- Theatrical release poster
- Directed by: Olivier Assayas
- Written by: Olivier Assayas
- Produced by: Charles Gillibert Marin Karmitz Nathanaël Karmitz
- Starring: Juliette Binoche Charles Berling Jérémie Renier
- Cinematography: Eric Gautier
- Edited by: Luc Barnier
- Distributed by: MK2 Films
- Release date: 5 March 2008;
- Running time: 103 minutes
- Country: France
- Language: French
- Budget: $3.8 million
- Box office: $7.8 million

= Summer Hours =

Summer Hours (L'Heure d'été) is a 2008 French drama film written and directed by Olivier Assayas. It is the second in a series of films produced by the Musée d'Orsay, after Flight of the Red Balloon. In the film, two brothers and a sister witness the disappearance of their childhood memories when they must relinquish a family summer house and collection after the death of their mother. The film was a critical success in the United States.

==Plot==
On a summer day in the country, at the home of the widowed Hélène Berthier, who has dropped her married name of Marly, her three children, their spouses, and all her grandchildren assemble for her 75th birthday. Her preoccupation is over what will happen to the house and the valuable contents accumulated by her uncle Paul Berthier, who was a noted artist and to whom she was devoted. She hopes the children will decide amicably among themselves.

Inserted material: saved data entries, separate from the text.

(* Let $g:\mathbb{R}^2\to\mathbb{R}^2$ be a $C^1$ map with $g(0)=0$, let $L>0$, and for $\delta>0$ let $\tilde S(\delta)=\{(x,y):|y|\le L|x|,\ |x|\le\delta\}$. Let $\tilde U=[-\alpha,\alpha]\times[-\beta,\beta]$ with $\alpha,\beta>0$ and $\beta/\alpha>L$. Let $\tilde v:[-1,1]\to\tilde U$ be continuous with $\tilde v(-1)\in\{y=-Lx\}$, $\tilde v(1)\in\{y=Lx\}$ and $\pi_x\tilde v(s)\neq0$ for all $s\in[-1,1]$. Assume that for every matrix $C\in[Dg(\tilde U)]$ and every $y$ with $|y|\le L$ we have $|\pi_x C(1,y)|>1$ and $|\pi_y C(1,y)|\le L$. Then for every $\delta>0$ there exist $p\in\tilde S(\delta)$ and an integer $n\ge0$ such that $g^k(p)\in\tilde U$ for $0\le k\le n$ and $g^n(p)\in\tilde v([-1,1])$.
   Context: $\pi_x,\pi_y$ denote the projections of $\mathbb{R}^2$ onto the first and second coordinates. For a set $U\subset\mathbb{R}^2$, $[Dg(U)]$ denotes the interval enclosure of the derivative: the set of all $2\times2$ matrices $(a_{ij})$ with $a_{ij}\in[\inf_{p\in U}\partial g_i/\partial x_j(p),\ \sup_{p\in U}\partial g_i/\partial x_j(p)]$. *)

theory Defs
  imports "HOL-Analysis.Analysis"
begin

definition pix :: "real^2 \<Rightarrow> real" where "pix p = p $ 1"
definition piy :: "real^2 \<Rightarrow> real" where "piy p = p $ 2"

definition C1_map :: "(real^2 \<Rightarrow> real^2) \<Rightarrow> bool" where
  "C1_map g \<longleftrightarrow> (\<forall>p. g differentiable (at p)) \<and>
     (\<forall>i j. continuous_on UNIV (\<lambda>p. jacobian g (at p) $ i $ j))"

definition interval_enclosure :: "(real^2 \<Rightarrow> real^2) \<Rightarrow> (real^2) set \<Rightarrow> (real^2^2) set" where
  "interval_enclosure g U = {C. \<forall>i j.
      (INF p\<in>U. jacobian g (at p) $ i $ j) \<le> C $ i $ j \<and>
      C $ i $ j \<le> (SUP p\<in>U. jacobian g (at p) $ i $ j)}"

definition S_tilde :: "real \<Rightarrow> real \<Rightarrow> (real^2) set" where
  "S_tilde L \<delta> = {p. \<bar>pix p\<bar> \<le> \<delta> \<and> \<bar>piy p\<bar> \<le> L * \<bar>pix p\<bar>}"

definition U_tilde :: "real \<Rightarrow> real \<Rightarrow> (real^2) set" where
  "U_tilde \<alpha> \<beta> = {p. \<bar>pix p\<bar> \<le> \<alpha> \<and> \<bar>piy p\<bar> \<le> \<beta>}"

end

theory Submission
  imports Defs
begin

(* The cone condition on [Dg(U)], combined with the mean value theorem, shows that g maps
   differences in the cone |y| <= L |x| that lie in U to differences in the same cone and
   stretches their x-components by a uniform factor mu > 1.  Hence, while orbits stay in U,
   the image under g^j of a piece of the x-axis through 0 is a graph over the x-direction
   whose width grows like mu^j.  Stopping the piece where the graph first reaches |x| = alpha
   yields, for large j, a graph lying in the cone and spanning the whole width [-alpha, alpha]
   of U.  The curve v runs from the lower boundary line of the cone to the upper one, so it
   crosses this graph. *)

lemma pix_vector [simp]: "pix (vector [a, b]) = a"
  and piy_vector [simp]: "piy (vector [a, b]) = b"
  by (simp_all add: pix_def piy_def)

lemma pix_linear [simp]: "pix (p - q) = pix p - pix q" "pix 0 = 0"
  and piy_linear [simp]: "piy (p - q) = piy p - piy q" "piy 0 = 0"
  by (simp_all add: pix_def piy_def)

lemma vec2_eqI: "pix p = pix q \<Longrightarrow> piy p = piy q \<Longrightarrow> p = (q::real^2)"
  by (simp add: vec_eq_iff forall_2 pix_def piy_def)

lemma pix_matrix_vector_mult: "pix ((M::real^2^2) *v d) = M$1$1 * pix d + M$1$2 * piy d"
  by (simp add: pix_def piy_def matrix_vector_mult_def sum_2)

definition horizontal_cone :: "real \<Rightarrow> (real^2) set" where
  "horizontal_cone L = {d. \<bar>piy d\<bar> \<le> L * \<bar>pix d\<bar>}"

lemma horizontal_cone_between_lines:
  assumes "d \<in> horizontal_cone L"
  shows "(piy d - L * pix d) * pix d \<le> 0" "0 \<le> (piy d + L * pix d) * pix d"
proof -
  have "\<bar>piy d * pix d\<bar> \<le> L * pix d * pix d"
    using assms mult_right_mono[of "\<bar>piy d\<bar>" "L * \<bar>pix d\<bar>" "\<bar>pix d\<bar>"]
    by (simp add: horizontal_cone_def abs_mult mult.assoc)
  then show "(piy d - L * pix d) * pix d \<le> 0" "0 \<le> (piy d + L * pix d) * pix d"
    by (simp_all add: algebra_simps abs_le_iff)
qed

lemma horizontal_cone_in_U_tilde:
  "d \<in> horizontal_cone L \<Longrightarrow> \<bar>pix d\<bar> \<le> \<alpha> \<Longrightarrow> 0 \<le> L \<Longrightarrow> L * \<alpha> \<le> \<beta> \<Longrightarrow> d \<in> U_tilde \<alpha> \<beta>"
  unfolding horizontal_cone_def U_tilde_def
  by (smt (verit, best) mem_Collect_eq mult_left_mono)

lemma U_tilde_eq_cbox: "U_tilde \<alpha> \<beta> = cbox (vector [-\<alpha>, -\<beta>]) (vector [\<alpha>, \<beta>])"
  by (auto simp: U_tilde_def mem_box_cart forall_2 pix_def piy_def abs_le_iff)

lemma vector_2_zero [simp]: "vector [0, 0] = (0::real^2)"
  by (simp add: vec_eq_iff forall_2)

lemma continuous_on_vector_2 [continuous_intros]:
  assumes "continuous_on S f" "continuous_on S h"
  shows "continuous_on S (\<lambda>t. vector [f t, h t] :: real^2)"
proof -
  have eq: "(\<lambda>t. vector [f t, h t] :: real^2) = (\<lambda>t. f t *\<^sub>R axis 1 1 + h t *\<^sub>R axis 2 1)"
    by (simp add: fun_eq_iff vec_eq_iff forall_2 axis_def)
  show ?thesis unfolding eq by (intro continuous_intros assms)
qed

section \<open>Mean values of the derivative\<close>

lemma mem_cbox_matrix:
  "(C::real^'n^'m) \<in> cbox A B \<longleftrightarrow> (\<forall>i j. A$i$j \<le> C$i$j \<and> C$i$j \<le> B$i$j)"
  by (auto simp: mem_box Basis_vec_def inner_axis cart_eq_inner_axis[symmetric])

lemma interval_enclosure_eq_cbox:
  "interval_enclosure g U =
     cbox (\<chi> i j. INF p\<in>U. jacobian g (at p) $ i $ j) (\<chi> i j. SUP p\<in>U. jacobian g (at p) $ i $ j)"
  by (auto simp: interval_enclosure_def mem_cbox_matrix)

lemma uniform_expansion_rate:
  assumes "\<forall>C\<in>interval_enclosure g U. \<forall>y. \<bar>y\<bar> \<le> L \<longrightarrow> 1 < \<bar>pix (C *v vector [1, y])\<bar>"
  obtains \<mu> where "1 < \<mu>"
    "\<forall>C\<in>interval_enclosure g U. \<forall>y. \<bar>y\<bar> \<le> L \<longrightarrow> \<mu> \<le> \<bar>pix (C *v vector [1, y])\<bar>"
proof -
  define K where "K = interval_enclosure g U \<times> {-L..L}"
  define f where "f z = \<bar>pix (fst z *v vector [1, snd z])\<bar>" for z :: "(real^2^2) \<times> real"
  have "compact K"
    unfolding K_def interval_enclosure_eq_cbox by (intro compact_Times compact_cbox compact_Icc)
  have "continuous_on K f"
    unfolding f_def pix_matrix_vector_mult pix_vector piy_vector by (intro continuous_intros)
  have f_gt_1: "1 < f z" if "z \<in> K" for z
    using assms that by (auto simp: K_def f_def)
  show ?thesis
  proof (cases "K = {}")
    case True
    then show ?thesis using that[of 2] by (fastforce simp: K_def abs_le_iff)
  next
    case False
    then obtain z where z: "z \<in> K" "\<forall>z'\<in>K. f z \<le> f z'"
      using continuous_attains_inf \<open>compact K\<close> \<open>continuous_on K f\<close> by blast
    show ?thesis
    proof (rule that)
      show "1 < f z" using f_gt_1 z(1) .
      show "\<forall>C\<in>interval_enclosure g U. \<forall>y. \<bar>y\<bar> \<le> L \<longrightarrow> f z \<le> \<bar>pix (C *v vector [1, y])\<bar>"
        using z(2) by (auto simp: K_def f_def abs_le_iff)
    qed
  qed
qed

lemma mvt_component:
  fixes g :: "real^'n \<Rightarrow> real^'m"
  assumes diff: "\<forall>x. g differentiable (at x)"
  obtains \<xi> where "0 < \<xi>" "\<xi> < 1"
    "g (p + d) $ i - g p $ i = (jacobian g (at (p + \<xi> *\<^sub>R d)) *v d) $ i"
proof -
  have "((\<lambda>t. g (p + t *\<^sub>R d) $ i) has_derivative
          (\<lambda>h. (jacobian g (at (p + t *\<^sub>R d)) *v (h *\<^sub>R d)) $ i)) (at t within {0..1})" for t
  proof -
    have "(g has_derivative (\<lambda>h. jacobian g (at (p + t *\<^sub>R d)) *v h)) (at (p + t *\<^sub>R d))"
      using diff jacobian_works by blast
    moreover have "((\<lambda>t. p + t *\<^sub>R d) has_derivative (\<lambda>h. h *\<^sub>R d)) (at t within {0..1})"
      by (auto intro!: derivative_eq_intros)
    ultimately have "((\<lambda>t. g (p + t *\<^sub>R d)) has_derivative
        (\<lambda>h. jacobian g (at (p + t *\<^sub>R d)) *v (h *\<^sub>R d))) (at t within {0..1})"
      using has_derivative_compose by blast
    then show ?thesis by (rule bounded_linear.has_derivative[OF bounded_linear_vec_nth])
  qed
  from mvt_simple[of 0 1 "\<lambda>t. g (p + t *\<^sub>R d) $ i", OF _ this] that show ?thesis
    by auto
qed

lemma C1_map_jacobian_bounded:
  assumes "C1_map g" "compact U"
  shows "bounded ((\<lambda>p. jacobian g (at p) $ i $ j) ` U)"
  using assms unfolding C1_map_def
  by (meson compact_continuous_image compact_imp_bounded continuous_on_subset subset_UNIV)

lemma mean_value_interval_enclosure:
  assumes g: "C1_map g" and U: "compact U" "convex U" and pq: "p \<in> U" "q \<in> U"
  obtains M where "M \<in> interval_enclosure g U" "g q - g p = M *v (q - p)"
proof -
  have diff: "\<forall>x. g differentiable (at x)" using g by (simp add: C1_map_def)
  have "\<forall>i. \<exists>\<xi>. 0 < \<xi> \<and> \<xi> < 1 \<and>
          g q $ i - g p $ i = (jacobian g (at (p + \<xi> *\<^sub>R (q - p))) *v (q - p)) $ i"
  proof
    fix i
    obtain \<xi> where "0 < \<xi>" "\<xi> < 1"
      "g (p + (q - p)) $ i - g p $ i = (jacobian g (at (p + \<xi> *\<^sub>R (q - p))) *v (q - p)) $ i"
      by (rule mvt_component[OF diff])
    then show "\<exists>\<xi>. 0 < \<xi> \<and> \<xi> < 1 \<and>
          g q $ i - g p $ i = (jacobian g (at (p + \<xi> *\<^sub>R (q - p))) *v (q - p)) $ i"
      by auto
  qed
  from choice[OF this] obtain \<xi> where \<xi>: "\<forall>i. 0 < \<xi> i \<and> \<xi> i < 1 \<and>
          g q $ i - g p $ i = (jacobian g (at (p + \<xi> i *\<^sub>R (q - p))) *v (q - p)) $ i"
    by blast
  define M where "M = (\<chi> i j. jacobian g (at (p + \<xi> i *\<^sub>R (q - p))) $ i $ j)"
  have on_segment: "p + \<xi> i *\<^sub>R (q - p) \<in> U" for i
    using convexD_alt[OF U(2) pq, of "\<xi> i"] \<xi> by (simp add: algebra_simps less_imp_le)
  show ?thesis
  proof
    show "M \<in> interval_enclosure g U"
      unfolding interval_enclosure_def M_def
      using on_segment C1_map_jacobian_bounded[OF g U(1)]
      by (auto intro!: cINF_lower cSUP_upper bounded_imp_bdd_below bounded_imp_bdd_above)
    show "g q - g p = M *v (q - p)"
      using \<xi> by (simp add: vec_eq_iff M_def matrix_vector_mult_def)
  qed
qed

lemma matrix_expands_horizontal_cone:
  assumes M: "\<forall>y. \<bar>y\<bar> \<le> L \<longrightarrow>
      \<mu> \<le> \<bar>pix (M *v vector [1, y])\<bar> \<and> \<bar>piy (M *v vector [1, y])\<bar> \<le> L"
    and "1 \<le> \<mu>" and d: "d \<in> horizontal_cone L"
  shows "M *v d \<in> horizontal_cone L \<and> \<mu> * \<bar>pix d\<bar> \<le> \<bar>pix (M *v d)\<bar>"
proof (cases "pix d = 0")
  case True
  then have "d = 0" using d by (intro vec2_eqI) (simp_all add: horizontal_cone_def)
  then show ?thesis by (simp add: horizontal_cone_def)
next
  case False
  define y where "y = piy d / pix d"
  have "\<bar>y\<bar> \<le> L" using d False by (simp add: horizontal_cone_def y_def abs_divide divide_le_eq)
  then have bounds: "\<mu> \<le> \<bar>pix (M *v vector [1, y])\<bar>" "\<bar>piy (M *v vector [1, y])\<bar> \<le> L"
    using M by auto
  have "d = pix d *\<^sub>R vector [1, y]"
    using False by (intro vec2_eqI) (simp_all add: y_def pix_def piy_def)
  then have Md: "M *v d = pix d *\<^sub>R (M *v vector [1, y])"
    by (metis matrix_vector_mult_scaleR)
  have "\<bar>piy (M *v d)\<bar> = \<bar>pix d\<bar> * \<bar>piy (M *v vector [1, y])\<bar>"
    by (simp add: Md abs_mult piy_def)
  also have "\<dots> \<le> \<bar>pix d\<bar> * L"
    using bounds(2) by (simp add: mult_left_mono)
  also have "\<dots> \<le> \<bar>pix d\<bar> * L * \<bar>pix (M *v vector [1, y])\<bar>"
    using mult_left_mono[of 1 "\<bar>pix (M *v vector [1, y])\<bar>" "\<bar>pix d\<bar> * L"]
      bounds(1) \<open>1 \<le> \<mu>\<close> \<open>\<bar>y\<bar> \<le> L\<close> by simp
  also have "\<dots> = L * \<bar>pix (M *v d)\<bar>"
    by (simp add: Md abs_mult pix_def)
  finally have "M *v d \<in> horizontal_cone L" by (simp add: horizontal_cone_def)
  moreover have "\<mu> * \<bar>pix d\<bar> \<le> \<bar>pix (M *v d)\<bar>"
    using mult_right_mono[OF bounds(1), of "\<bar>pix d\<bar>"] by (simp add: Md abs_mult pix_def mult_ac)
  ultimately show ?thesis ..
qed

lemma C1_map_expands_horizontal_cone:
  assumes "C1_map g" "1 \<le> \<mu>"
    and rate: "\<forall>C\<in>interval_enclosure g (U_tilde \<alpha> \<beta>). \<forall>y. \<bar>y\<bar> \<le> L \<longrightarrow>
      \<mu> \<le> \<bar>pix (C *v vector [1, y])\<bar> \<and> \<bar>piy (C *v vector [1, y])\<bar> \<le> L"
    and pq: "p \<in> U_tilde \<alpha> \<beta>" "q \<in> U_tilde \<alpha> \<beta>" and "q - p \<in> horizontal_cone L"
  shows "g q - g p \<in> horizontal_cone L \<and> \<mu> * \<bar>pix (q - p)\<bar> \<le> \<bar>pix (g q - g p)\<bar>"
proof -
  obtain M where M: "M \<in> interval_enclosure g (U_tilde \<alpha> \<beta>)" "g q - g p = M *v (q - p)"
    using mean_value_interval_enclosure[OF assms(1) _ _ pq]
    by (auto simp: U_tilde_eq_cbox compact_cbox convex_box)
  have "M *v (q - p) \<in> horizontal_cone L \<and> \<mu> * \<bar>pix (q - p)\<bar> \<le> \<bar>pix (M *v (q - p))\<bar>"
    using M(1) rate \<open>1 \<le> \<mu>\<close> \<open>q - p \<in> horizontal_cone L\<close>
    by (intro matrix_expands_horizontal_cone) auto
  then show ?thesis using M(2) by simp
qed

Shortly after her birthday she dies. The three heirs disagree about how to proceed. While Frédéric, the eldest, lives in Paris and wants to keep the house and contents as a place where the family can continue to gather. His two siblings both live overseas and want to keep just a few mementoes and convert the rest to cash. Adrienne lives in New York City with an American man, while Jérémie and his wife have made their home in China.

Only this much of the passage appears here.